Download Print Version | Download XLSX

The overall rank could allow practitioners to further sample and/or (re-)weight the various branches according to the practical constraints of a specific application. Table 2 shows the overall ranks for the 20 best-performing selected branches for PGA, SA 0.2 and SA 1 s. As an example, if one decides to consider the models with an overall rank equal to 1 or 2 for all the spectral periods, only the first six should be selected.

4 Discussion and conclusions

We have introduced a new scoring strategy that may be used to rank and sample the multiple models/branches of a PSHA model. Scoring is inherently different from testing: the former term indicates approaches devoted to ranking and eventually weighting a set of competing models, whereas testing procedures aim at evaluating the absolute predictive accuracy of each model, indicating if its outcomes are or are not compatible with observations to a given significance level threshold. Therefore, testing can allow us to identify possibly wrong PSHA models, whereas scoring is aimed at comparing models according to a specific metric of interest.
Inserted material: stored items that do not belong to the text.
(* Let $X,Y\subseteq\Sigma^*$. If there exists $k\in\mathbb{N}$ such that for every $x\in X$ there exists $y\in Y$ with $\mathrm{ed}(x,y)<k$, and for every $y\in Y$ there exists $x\in X$ with $\mathrm{ed}(x,y)<k$, then $D(X,Y)=0$ for every $D\in\{\mathrm{AH}_{\mathrm{ned}},\mathrm{AH}_{\mathrm{ged}},\mathrm{AH}_{\mathrm{ced}}\}$.
   Context: $\Sigma$ is a finite alphabet. An edit path from $x$ to $y$ is a sequence $p=(a_1,b_1)\cdots(a_n,b_n)$ with $(a_i,b_i)\in(\Sigma\cup\{\varepsilon\})^2\setminus\{(\varepsilon,\varepsilon)\}$, $a_1\cdots a_n=x$, $b_1\cdots b_n=y$; $|p|=n$, $\mathrm{wgt}(p)=|\{i:a_i\ne b_i\}|$. $\mathrm{ed}(x,y)=\min_p\mathrm{wgt}(p)$ (Levenshtein distance); $\mathrm{ned}(x,y)=\min_p\mathrm{wgt}(p)/|p|$ ($\mathrm{ned}(\varepsilon,\varepsilon)=0$); $\mathrm{ged}(x,y)=\frac{2\mathrm{ed}(x,y)}{|x|+|y|+\mathrm{ed}(x,y)}$ ($0$ if $x=y=\varepsilon$); $\mathrm{ced}(x,y)$ is the minimum, over sequences $x=u_0,\dots,u_k=y$ with $\mathrm{ed}(u_{i-1},u_i)=1$, of $\sum_{i=1}^k1/\max(|u_{i-1}|,|u_i|)$. For a word distance $d$: $\overrightarrow{\mathrm{AH}}_{d}(X,Y)=\lim_{k\to\infty}\sup_{x\in X,|x|\ge k}\inf_{y\in Y}d(x,y)$ (empty supremum $=0$) and $\mathrm{AH}_d(X,Y)=\max\{\overrightarrow{\mathrm{AH}}_{d}(X,Y),\overrightarrow{\mathrm{AH}}_{d}(Y,X)\}$. *)

theory Defs
  imports "HOL-Analysis.Analysis"
begin

text \<open>Words over a finite alphabet 'a (class finite) are lists. An edit step is a pair of
  optional letters (None = epsilon), not both None.\<close>

fun opt_word :: "'a option \<Rightarrow> 'a list" where
  "opt_word None = []"
| "opt_word (Some c) = [c]"

definition edit_path :: "'a list \<Rightarrow> 'a list \<Rightarrow> ('a option \<times> 'a option) list \<Rightarrow> bool" where
  "edit_path x y p \<longleftrightarrow>
     (\<forall>e\<in>set p. e \<noteq> (None, None)) \<and>
     concat (map (\<lambda>e. opt_word (fst e)) p) = x \<and>
     concat (map (\<lambda>e. opt_word (snd e)) p) = y"

definition wgt :: "('a option \<times> 'a option) list \<Rightarrow> nat" where
  "wgt p = length (filter (\<lambda>e. fst e \<noteq> snd e) p)"

definition ed :: "'a::finite list \<Rightarrow> 'a list \<Rightarrow> nat" where
  "ed x y = Inf {wgt p | p. edit_path x y p}"

definition ned :: "'a::finite list \<Rightarrow> 'a list \<Rightarrow> real" where
  "ned x y = (if x = [] \<and> y = [] then 0
              else Inf {real (wgt p) / real (length p) | p. edit_path x y p})"

definition ged :: "'a::finite list \<Rightarrow> 'a list \<Rightarrow> real" where
  "ged x y = (if x = [] \<and> y = [] then 0
              else 2 * real (ed x y) / (real (length x) + real (length y) + real (ed x y)))"

definition ced :: "'a::finite list \<Rightarrow> 'a list \<Rightarrow> real" where
  "ced x y = Inf {(\<Sum>i<length us - 1.
                     1 / real (max (length (us ! i)) (length (us ! Suc i)))) | us.
                  us \<noteq> [] \<and> hd us = x \<and> last us = y \<and>
                  (\<forall>i < length us - 1. ed (us ! i) (us ! Suc i) = 1)}"

text \<open>Directed asymptotic Hausdorff distance (values in extended reals; the empty
  supremum is 0, the empty infimum is +infinity).\<close>
definition dirAH :: "('b list \<Rightarrow> 'b list \<Rightarrow> real) \<Rightarrow> 'b list set \<Rightarrow> 'b list set \<Rightarrow> ereal" where
  "dirAH d X Y = lim (\<lambda>k::nat.
      (let S = {(INF y\<in>Y. ereal (d x y)) | x. x \<in> X \<and> length x \<ge> k}
       in if S = {} then 0 else Sup S))"

definition AH :: "('b list \<Rightarrow> 'b list \<Rightarrow> real) \<Rightarrow> 'b list set \<Rightarrow> 'b list set \<Rightarrow> ereal" where
  "AH d X Y = max (dirAH d X Y) (dirAH d Y X)"

end

theory Submission
  imports Defs
begin

text \<open>If every word of one set is within edit distance \<open>k\<close> of the other set, then a long
  word \<open>x\<close> is at normalised distance \<open>O(k / |x|)\<close> from the other set for all three
  normalisations: an optimal edit path from \<open>x\<close> has length at least \<open>|x|\<close> (for \<open>ned\<close>),
  \<open>ged\<close> has \<open>|x|\<close> in its denominator, and performing the edits of an optimal path one at a
  time passes through \<open>ed x y\<close> words of length at least \<open>|x| - ed x y\<close> (for \<open>ced\<close>).
  So the suprema in the asymptotic Hausdorff distance tend to 0.\<close>

definition path_src :: "('a option \<times> 'a option) list \<Rightarrow> 'a list" where
  "path_src p = concat (map (\<lambda>e. opt_word (fst e)) p)"

definition path_tgt :: "('a option \<times> 'a option) list \<Rightarrow> 'a list" where
  "path_tgt p = concat (map (\<lambda>e. opt_word (snd e)) p)"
For the sake of giving an example, we have scored and ranked alternative branches of the MPS19 seismic hazard model of Italy (Meletti et al., 2021) according to their fit with long-term macroseismic intensity data available in a large set of sites, with the scope of selecting the models/branches that minimize the difference between PSHA outcomes and macroseismic observations at these sites. To properly compare the performance of the different branches, a log-likelihood score has been assigned to each of them based on the comparison between numbers of expected and observed intensity data at each site for different shaking levels and spectral periods, not considering single return periods but the entire hazard curve.

In countries such as Italy, where the historical record is hundreds of years long, i.e., much longer than the instrumental one, and macroseismic information covers the whole territory (Locati et al., 2022), the use of macroseismic intensity observations for scoring PSHA models could be more suitable than accelerometric recordings for considering the effects of earthquakes with large magnitudes and long return periods.

Of course, comparing PSHA outcomes in terms of PGA or SA with macroseismic data requires caution due to the use of GMICEs, which are empirical conversion relationships characterized by large uncertainties to be taken into account. In fact, if one simply converts the ground motion value (e.g., PGA) resulting from a PSHA model into macroseismic intensity just using the average estimates and discarding associated variance, the comparison could be severely biased. In the scoring procedure presented here, this issue is solved through the convolution of the relevant probability distributions (i.e., hazard curves and GMICE), as proposed by D'Amico and Albarello (2008). Moreover, the procedure takes into account the peculiar nature of intensity values (discrete, ordinal, range-limited) and associated uncertainties (uncertain intensity values between adjacent integer degrees, completeness of site seismic history, etc.).

A further crucial issue related to using macroseismic intensity data for empirical scoring concerns the selection of sites where PSHA models' outputs can be compared with available observations. In fact, to have a representative set of localities to perform tests, selected sites have to guarantee a geographical coverage as dense and uniform as possible throughout the study area (for both high- and low-hazard regions) as well as a significant number of macroseismic data at each site, covering long time periods and a wide range of intensity values. This clearly limits the use of macroseismic data as observables to countries with long records of documentary information about the effects of past earthquakes at a sufficient number of sites (e.g., Fäh et al., 2011, for Switzerland; BRGM-EDF-IRSN/SisFrance, 2017, for France).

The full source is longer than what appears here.